▶ [RAW DATA]
-=-=-

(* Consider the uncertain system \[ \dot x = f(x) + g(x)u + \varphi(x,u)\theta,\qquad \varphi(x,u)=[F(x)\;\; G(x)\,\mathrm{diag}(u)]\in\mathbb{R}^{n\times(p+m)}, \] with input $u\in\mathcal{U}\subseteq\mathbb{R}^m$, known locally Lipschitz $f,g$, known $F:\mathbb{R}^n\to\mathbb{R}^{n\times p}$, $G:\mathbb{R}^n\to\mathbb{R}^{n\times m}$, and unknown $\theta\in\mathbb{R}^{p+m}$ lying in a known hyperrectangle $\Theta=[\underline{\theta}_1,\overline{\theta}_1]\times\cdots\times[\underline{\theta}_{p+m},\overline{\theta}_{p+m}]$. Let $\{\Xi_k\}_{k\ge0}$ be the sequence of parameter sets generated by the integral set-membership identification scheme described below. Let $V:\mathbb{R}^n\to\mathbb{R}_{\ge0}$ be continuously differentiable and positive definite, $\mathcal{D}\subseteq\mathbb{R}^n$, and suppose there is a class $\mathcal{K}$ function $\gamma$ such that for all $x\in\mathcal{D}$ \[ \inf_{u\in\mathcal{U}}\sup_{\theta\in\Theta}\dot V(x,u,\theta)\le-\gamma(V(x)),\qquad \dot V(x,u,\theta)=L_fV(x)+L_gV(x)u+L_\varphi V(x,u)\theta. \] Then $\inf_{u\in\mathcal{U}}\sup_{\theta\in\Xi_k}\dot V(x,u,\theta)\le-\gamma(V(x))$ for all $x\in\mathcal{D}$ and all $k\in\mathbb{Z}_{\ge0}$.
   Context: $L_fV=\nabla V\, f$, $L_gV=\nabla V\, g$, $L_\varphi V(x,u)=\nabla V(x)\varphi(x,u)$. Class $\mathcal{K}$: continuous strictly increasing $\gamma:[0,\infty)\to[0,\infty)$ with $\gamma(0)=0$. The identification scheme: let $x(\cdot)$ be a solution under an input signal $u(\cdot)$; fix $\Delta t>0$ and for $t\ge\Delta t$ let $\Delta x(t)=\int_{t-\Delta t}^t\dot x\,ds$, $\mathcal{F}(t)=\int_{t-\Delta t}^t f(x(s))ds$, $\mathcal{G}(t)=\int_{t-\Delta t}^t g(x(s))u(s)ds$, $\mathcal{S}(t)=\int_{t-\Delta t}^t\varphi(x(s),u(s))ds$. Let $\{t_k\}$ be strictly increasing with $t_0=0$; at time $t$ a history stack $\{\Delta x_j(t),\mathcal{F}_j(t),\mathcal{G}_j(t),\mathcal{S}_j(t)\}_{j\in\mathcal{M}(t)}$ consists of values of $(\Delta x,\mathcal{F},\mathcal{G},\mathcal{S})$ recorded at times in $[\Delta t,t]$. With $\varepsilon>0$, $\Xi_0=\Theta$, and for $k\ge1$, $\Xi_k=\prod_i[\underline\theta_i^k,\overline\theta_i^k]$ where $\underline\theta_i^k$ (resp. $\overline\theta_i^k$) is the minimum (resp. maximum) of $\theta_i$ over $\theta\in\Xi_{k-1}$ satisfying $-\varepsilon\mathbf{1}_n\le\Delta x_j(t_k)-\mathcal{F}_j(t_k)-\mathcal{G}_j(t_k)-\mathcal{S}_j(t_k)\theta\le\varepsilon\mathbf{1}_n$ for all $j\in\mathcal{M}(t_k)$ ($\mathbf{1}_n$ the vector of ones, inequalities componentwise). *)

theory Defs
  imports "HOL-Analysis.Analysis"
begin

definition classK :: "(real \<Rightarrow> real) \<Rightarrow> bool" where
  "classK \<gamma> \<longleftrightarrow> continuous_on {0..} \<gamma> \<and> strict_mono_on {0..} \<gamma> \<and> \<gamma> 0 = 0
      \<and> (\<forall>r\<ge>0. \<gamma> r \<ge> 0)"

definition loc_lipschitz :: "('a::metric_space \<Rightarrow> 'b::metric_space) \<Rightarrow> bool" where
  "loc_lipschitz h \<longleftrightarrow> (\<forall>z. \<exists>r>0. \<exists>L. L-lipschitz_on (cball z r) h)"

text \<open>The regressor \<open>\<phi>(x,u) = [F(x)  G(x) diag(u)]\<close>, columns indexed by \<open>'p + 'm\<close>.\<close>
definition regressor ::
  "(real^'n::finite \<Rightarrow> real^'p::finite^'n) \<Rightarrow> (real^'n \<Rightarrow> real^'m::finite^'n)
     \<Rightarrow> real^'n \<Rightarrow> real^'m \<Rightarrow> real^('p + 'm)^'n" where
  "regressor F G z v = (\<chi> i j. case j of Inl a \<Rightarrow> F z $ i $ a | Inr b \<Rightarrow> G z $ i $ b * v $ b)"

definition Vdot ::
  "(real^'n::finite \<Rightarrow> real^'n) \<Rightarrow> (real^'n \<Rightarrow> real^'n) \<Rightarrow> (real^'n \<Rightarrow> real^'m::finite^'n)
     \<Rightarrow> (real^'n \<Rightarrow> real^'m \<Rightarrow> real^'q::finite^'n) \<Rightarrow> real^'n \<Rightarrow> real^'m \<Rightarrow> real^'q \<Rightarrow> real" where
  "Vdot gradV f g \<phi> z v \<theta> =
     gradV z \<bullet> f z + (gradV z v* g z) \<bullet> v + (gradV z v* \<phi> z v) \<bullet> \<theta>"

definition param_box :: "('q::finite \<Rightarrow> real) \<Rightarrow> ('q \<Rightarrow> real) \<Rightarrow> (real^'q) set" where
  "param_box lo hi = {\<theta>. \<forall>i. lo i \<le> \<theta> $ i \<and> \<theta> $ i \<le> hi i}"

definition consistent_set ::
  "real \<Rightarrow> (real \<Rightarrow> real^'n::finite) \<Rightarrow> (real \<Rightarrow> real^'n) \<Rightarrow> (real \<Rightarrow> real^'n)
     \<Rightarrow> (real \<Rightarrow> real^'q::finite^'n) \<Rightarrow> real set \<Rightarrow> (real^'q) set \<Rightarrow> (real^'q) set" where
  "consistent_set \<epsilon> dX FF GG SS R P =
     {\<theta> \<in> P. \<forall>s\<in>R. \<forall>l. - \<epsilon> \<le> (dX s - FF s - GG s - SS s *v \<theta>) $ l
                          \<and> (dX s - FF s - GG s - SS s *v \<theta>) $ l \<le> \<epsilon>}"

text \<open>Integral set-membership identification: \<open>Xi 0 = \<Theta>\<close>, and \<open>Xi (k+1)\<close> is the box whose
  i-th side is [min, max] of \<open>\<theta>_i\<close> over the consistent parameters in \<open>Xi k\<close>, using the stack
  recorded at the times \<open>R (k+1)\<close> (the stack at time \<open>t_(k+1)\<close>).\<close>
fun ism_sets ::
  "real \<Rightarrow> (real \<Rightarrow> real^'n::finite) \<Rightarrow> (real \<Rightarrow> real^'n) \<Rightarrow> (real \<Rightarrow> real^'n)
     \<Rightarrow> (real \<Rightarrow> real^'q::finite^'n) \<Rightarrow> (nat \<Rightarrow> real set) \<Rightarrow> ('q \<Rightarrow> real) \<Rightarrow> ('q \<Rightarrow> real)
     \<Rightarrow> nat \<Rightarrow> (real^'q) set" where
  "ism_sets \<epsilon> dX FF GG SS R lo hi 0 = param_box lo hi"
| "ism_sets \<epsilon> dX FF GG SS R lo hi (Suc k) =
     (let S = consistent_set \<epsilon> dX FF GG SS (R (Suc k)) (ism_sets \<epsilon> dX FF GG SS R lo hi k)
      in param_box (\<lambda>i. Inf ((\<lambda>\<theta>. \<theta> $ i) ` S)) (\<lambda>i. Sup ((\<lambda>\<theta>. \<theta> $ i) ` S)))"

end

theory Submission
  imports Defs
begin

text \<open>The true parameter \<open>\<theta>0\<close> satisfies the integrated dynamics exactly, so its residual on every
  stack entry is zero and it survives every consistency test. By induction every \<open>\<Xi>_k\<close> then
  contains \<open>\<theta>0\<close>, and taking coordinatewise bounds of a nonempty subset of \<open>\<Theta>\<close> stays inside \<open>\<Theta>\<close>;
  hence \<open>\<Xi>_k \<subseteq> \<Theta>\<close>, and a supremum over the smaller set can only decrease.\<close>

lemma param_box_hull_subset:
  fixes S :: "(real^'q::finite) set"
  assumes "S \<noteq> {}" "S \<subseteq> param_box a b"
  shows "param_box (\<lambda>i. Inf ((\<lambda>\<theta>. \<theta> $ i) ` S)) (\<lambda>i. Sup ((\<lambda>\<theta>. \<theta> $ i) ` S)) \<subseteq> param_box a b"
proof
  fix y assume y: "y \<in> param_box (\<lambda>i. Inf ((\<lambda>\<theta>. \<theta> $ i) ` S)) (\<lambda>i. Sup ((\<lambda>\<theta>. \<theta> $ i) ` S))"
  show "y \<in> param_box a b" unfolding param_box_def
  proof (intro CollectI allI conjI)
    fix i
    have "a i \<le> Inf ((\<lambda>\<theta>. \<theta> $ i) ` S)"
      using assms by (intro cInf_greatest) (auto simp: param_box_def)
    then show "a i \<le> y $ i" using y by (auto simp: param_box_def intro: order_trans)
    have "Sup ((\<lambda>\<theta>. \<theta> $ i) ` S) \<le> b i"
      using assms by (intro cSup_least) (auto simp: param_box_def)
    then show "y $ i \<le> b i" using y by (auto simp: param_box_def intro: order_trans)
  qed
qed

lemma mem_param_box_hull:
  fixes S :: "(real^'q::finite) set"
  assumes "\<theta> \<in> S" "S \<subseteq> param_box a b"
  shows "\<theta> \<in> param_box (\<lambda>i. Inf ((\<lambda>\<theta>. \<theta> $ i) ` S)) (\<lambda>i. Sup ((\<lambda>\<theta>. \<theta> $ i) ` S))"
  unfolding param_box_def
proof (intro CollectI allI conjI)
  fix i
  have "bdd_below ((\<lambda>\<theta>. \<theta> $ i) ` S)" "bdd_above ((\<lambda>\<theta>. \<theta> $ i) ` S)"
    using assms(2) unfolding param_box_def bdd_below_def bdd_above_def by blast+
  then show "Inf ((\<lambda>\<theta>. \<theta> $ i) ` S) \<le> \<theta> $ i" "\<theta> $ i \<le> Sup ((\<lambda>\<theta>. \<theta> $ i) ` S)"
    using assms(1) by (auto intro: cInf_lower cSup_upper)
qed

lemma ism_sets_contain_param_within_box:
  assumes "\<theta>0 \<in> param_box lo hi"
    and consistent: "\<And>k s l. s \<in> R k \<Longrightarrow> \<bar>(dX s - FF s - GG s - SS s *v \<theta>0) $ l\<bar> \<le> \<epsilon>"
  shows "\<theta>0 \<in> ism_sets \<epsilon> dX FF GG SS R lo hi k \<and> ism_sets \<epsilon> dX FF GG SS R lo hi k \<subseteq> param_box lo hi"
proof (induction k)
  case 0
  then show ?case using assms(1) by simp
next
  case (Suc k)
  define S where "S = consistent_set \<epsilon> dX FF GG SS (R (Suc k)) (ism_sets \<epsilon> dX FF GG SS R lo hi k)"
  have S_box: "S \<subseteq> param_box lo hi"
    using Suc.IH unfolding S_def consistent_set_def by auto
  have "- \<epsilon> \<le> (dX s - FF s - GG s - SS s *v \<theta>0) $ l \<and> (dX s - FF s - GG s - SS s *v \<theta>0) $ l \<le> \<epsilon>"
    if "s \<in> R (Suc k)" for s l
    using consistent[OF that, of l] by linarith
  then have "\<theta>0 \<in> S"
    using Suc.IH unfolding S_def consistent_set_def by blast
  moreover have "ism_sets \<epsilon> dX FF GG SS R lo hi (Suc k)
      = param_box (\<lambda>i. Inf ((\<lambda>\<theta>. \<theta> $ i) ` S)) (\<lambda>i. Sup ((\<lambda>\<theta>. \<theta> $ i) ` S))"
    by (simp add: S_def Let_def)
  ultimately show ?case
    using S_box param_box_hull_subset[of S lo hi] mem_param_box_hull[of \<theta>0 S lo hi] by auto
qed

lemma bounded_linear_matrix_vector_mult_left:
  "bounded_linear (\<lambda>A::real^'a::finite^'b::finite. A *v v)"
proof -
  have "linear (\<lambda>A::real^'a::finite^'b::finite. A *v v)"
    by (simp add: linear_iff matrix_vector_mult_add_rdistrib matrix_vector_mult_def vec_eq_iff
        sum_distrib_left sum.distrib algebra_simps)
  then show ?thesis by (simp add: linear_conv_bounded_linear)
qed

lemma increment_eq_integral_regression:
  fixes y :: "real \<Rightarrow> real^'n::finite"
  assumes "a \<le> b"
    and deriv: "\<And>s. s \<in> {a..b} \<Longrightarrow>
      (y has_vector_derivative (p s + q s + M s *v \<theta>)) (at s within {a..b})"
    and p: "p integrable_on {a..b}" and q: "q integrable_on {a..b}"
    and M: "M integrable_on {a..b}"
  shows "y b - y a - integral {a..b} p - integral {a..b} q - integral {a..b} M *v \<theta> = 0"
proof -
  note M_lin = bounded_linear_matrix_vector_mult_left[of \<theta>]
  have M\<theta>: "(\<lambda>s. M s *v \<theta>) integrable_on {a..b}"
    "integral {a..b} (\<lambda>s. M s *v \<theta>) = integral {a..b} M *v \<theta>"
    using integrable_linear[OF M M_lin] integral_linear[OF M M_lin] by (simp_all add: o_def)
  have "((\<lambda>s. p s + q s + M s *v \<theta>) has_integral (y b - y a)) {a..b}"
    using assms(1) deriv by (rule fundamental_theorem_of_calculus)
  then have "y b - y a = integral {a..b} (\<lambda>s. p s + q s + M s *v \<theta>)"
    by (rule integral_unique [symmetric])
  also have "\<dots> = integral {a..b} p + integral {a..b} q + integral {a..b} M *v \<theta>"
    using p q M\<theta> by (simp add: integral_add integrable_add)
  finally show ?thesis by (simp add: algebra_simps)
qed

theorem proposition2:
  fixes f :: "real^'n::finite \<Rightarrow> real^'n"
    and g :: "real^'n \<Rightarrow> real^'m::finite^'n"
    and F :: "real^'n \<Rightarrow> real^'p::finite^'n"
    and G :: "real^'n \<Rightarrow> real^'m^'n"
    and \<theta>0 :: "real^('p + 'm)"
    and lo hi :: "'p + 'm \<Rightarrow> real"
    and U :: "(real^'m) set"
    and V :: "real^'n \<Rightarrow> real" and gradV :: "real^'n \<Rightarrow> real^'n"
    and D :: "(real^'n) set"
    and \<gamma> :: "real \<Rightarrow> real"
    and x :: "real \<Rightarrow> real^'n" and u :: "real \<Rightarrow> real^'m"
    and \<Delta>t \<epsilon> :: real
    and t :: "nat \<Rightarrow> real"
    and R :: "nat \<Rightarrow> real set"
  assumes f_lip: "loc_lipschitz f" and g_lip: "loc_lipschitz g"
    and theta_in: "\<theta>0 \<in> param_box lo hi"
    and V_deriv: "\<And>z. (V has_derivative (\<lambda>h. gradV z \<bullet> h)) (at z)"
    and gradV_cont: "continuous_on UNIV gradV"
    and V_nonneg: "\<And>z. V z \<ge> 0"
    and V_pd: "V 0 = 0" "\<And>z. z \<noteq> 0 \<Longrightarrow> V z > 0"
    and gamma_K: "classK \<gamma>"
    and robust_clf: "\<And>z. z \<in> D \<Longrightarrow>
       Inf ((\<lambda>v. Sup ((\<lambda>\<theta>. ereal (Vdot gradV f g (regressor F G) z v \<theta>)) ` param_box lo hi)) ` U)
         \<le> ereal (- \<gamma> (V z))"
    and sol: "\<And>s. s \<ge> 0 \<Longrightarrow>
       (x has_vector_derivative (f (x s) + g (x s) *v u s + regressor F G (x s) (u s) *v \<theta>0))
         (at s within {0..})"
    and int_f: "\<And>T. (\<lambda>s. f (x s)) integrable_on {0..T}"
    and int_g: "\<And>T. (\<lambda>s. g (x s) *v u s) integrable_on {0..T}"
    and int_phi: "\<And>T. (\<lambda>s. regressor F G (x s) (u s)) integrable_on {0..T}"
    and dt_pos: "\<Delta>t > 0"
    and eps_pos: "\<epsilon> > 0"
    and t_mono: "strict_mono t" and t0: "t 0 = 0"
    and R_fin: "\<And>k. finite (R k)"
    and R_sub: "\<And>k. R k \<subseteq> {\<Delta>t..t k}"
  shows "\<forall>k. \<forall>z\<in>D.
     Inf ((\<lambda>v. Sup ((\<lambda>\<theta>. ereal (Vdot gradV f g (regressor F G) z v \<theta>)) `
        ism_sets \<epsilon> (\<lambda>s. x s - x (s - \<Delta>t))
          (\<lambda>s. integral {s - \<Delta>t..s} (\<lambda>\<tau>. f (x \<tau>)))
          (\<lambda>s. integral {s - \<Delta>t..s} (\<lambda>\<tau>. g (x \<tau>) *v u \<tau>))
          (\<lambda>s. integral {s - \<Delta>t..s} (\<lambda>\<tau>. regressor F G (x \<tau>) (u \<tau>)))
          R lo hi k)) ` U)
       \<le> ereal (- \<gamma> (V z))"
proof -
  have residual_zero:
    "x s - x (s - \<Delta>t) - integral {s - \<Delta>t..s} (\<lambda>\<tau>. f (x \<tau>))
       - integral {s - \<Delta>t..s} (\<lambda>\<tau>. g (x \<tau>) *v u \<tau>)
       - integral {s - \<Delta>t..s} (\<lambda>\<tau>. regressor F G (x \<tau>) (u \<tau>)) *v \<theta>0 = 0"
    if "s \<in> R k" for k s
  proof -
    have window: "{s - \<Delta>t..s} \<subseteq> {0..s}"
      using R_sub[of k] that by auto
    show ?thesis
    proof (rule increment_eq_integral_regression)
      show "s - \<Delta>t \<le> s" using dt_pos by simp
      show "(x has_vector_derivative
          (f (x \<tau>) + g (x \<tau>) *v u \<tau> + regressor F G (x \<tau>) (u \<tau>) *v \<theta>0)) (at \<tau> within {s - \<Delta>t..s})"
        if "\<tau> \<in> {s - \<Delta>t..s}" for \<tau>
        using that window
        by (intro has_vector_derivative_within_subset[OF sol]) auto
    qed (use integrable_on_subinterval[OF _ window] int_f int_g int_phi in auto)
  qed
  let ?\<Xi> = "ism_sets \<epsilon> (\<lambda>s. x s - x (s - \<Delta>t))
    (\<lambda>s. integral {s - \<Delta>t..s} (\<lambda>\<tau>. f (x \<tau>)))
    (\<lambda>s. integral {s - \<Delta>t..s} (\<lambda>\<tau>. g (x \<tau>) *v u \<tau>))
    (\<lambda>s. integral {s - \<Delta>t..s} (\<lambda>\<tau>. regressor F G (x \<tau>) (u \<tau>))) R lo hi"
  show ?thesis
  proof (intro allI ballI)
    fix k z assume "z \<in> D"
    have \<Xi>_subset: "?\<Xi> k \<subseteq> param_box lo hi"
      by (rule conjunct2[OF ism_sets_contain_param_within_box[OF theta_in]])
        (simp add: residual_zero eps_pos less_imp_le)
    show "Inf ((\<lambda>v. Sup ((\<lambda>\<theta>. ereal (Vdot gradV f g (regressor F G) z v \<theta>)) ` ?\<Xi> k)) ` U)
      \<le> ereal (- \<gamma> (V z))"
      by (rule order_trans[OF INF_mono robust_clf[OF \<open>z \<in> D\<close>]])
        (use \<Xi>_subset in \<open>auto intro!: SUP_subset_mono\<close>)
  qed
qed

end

-=-=-

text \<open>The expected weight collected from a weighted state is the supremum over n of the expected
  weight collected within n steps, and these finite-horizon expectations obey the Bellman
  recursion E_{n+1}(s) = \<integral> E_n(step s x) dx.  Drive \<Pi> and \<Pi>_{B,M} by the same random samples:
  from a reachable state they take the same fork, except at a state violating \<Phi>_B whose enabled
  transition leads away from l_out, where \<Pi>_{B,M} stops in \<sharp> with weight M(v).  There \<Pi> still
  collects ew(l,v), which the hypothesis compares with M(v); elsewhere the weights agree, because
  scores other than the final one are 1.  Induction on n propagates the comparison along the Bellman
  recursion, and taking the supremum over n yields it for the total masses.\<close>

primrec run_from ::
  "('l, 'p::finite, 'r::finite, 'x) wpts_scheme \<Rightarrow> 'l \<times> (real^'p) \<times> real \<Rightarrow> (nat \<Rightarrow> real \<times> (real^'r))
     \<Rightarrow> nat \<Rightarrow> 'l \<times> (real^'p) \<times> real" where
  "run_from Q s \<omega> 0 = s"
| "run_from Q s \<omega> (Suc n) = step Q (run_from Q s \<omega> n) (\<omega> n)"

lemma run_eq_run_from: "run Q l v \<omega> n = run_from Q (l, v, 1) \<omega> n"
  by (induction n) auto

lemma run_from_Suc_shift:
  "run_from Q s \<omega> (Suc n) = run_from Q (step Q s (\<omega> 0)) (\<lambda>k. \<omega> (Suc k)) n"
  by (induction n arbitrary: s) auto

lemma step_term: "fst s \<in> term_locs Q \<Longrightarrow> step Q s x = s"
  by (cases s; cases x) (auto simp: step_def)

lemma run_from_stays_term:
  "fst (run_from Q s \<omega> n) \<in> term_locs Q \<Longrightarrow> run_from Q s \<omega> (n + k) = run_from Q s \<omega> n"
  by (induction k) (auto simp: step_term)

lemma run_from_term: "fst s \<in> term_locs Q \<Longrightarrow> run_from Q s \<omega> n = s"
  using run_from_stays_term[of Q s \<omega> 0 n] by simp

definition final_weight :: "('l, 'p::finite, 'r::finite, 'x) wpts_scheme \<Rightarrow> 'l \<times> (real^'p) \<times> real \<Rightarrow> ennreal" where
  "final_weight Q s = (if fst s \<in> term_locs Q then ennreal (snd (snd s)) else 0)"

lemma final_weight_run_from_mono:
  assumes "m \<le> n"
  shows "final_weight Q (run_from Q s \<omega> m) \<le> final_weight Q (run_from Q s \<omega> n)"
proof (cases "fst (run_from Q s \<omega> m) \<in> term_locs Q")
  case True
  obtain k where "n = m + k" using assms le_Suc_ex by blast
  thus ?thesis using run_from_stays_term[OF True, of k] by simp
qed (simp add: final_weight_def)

-=-=-

▶ [PROBLEM REQUIREMENTS] Out of the data above, transcribe exactly and only the lines starting with the line that has "using Suc.IH unfolding S_def consistent_set_def by auto" and going on through the line that has "p + integral", both included.

▶ [EXERCISE RESULT]
    using Suc.IH unfolding S_def consistent_set_def by auto
  have "- \<epsilon> \<le> (dX s - FF s - GG s - SS s *v \<theta>0) $ l \<and> (dX s - FF s - GG s - SS s *v \<theta>0) $ l \<le> \<epsilon>"
    if "s \<in> R (Suc k)" for s l
    using consistent[OF that, of l] by linarith
  then have "\<theta>0 \<in> S"
    using Suc.IH unfolding S_def consistent_set_def by blast
  moreover have "ism_sets \<epsilon> dX FF GG SS R lo hi (Suc k)
      = param_box (\<lambda>i. Inf ((\<lambda>\<theta>. \<theta> $ i) ` S)) (\<lambda>i. Sup ((\<lambda>\<theta>. \<theta> $ i) ` S))"
    by (simp add: S_def Let_def)
  ultimately show ?case
    using S_box param_box_hull_subset[of S lo hi] mem_param_box_hull[of \<theta>0 S lo hi] by auto
qed

lemma bounded_linear_matrix_vector_mult_left:
  "bounded_linear (\<lambda>A::real^'a::finite^'b::finite. A *v v)"
proof -
  have "linear (\<lambda>A::real^'a::finite^'b::finite. A *v v)"
    by (simp add: linear_iff matrix_vector_mult_add_rdistrib matrix_vector_mult_def vec_eq_iff
        sum_distrib_left sum.distrib algebra_simps)
  then show ?thesis by (simp add: linear_conv_bounded_linear)
qed

lemma increment_eq_integral_regression:
  fixes y :: "real \<Rightarrow> real^'n::finite"
  assumes "a \<le> b"
    and deriv: "\<And>s. s \<in> {a..b} \<Longrightarrow>
      (y has_vector_derivative (p s + q s + M s *v \<theta>)) (at s within {a..b})"
    and p: "p integrable_on {a..b}" and q: "q integrable_on {a..b}"
    and M: "M integrable_on {a..b}"
  shows "y b - y a - integral {a..b} p - integral {a..b} q - integral {a..b} M *v \<theta> = 0"
proof -
  note M_lin = bounded_linear_matrix_vector_mult_left[of \<theta>]
  have M\<theta>: "(\<lambda>s. M s *v \<theta>) integrable_on {a..b}"
    "integral {a..b} (\<lambda>s. M s *v \<theta>) = integral {a..b} M *v \<theta>"
    using integrable_linear[OF M M_lin] integral_linear[OF M M_lin] by (simp_all add: o_def)
  have "((\<lambda>s. p s + q s + M s *v \<theta>) has_integral (y b - y a)) {a..b}"
    using assms(1) deriv by (rule fundamental_theorem_of_calculus)
  then have "y b - y a = integral {a..b} (\<lambda>s. p s + q s + M s *v \<theta>)"
    by (rule integral_unique [symmetric])
  also have "\<dots> = integral {a..b} p + integral {a..b} q + integral {a..b} M *v \<theta>"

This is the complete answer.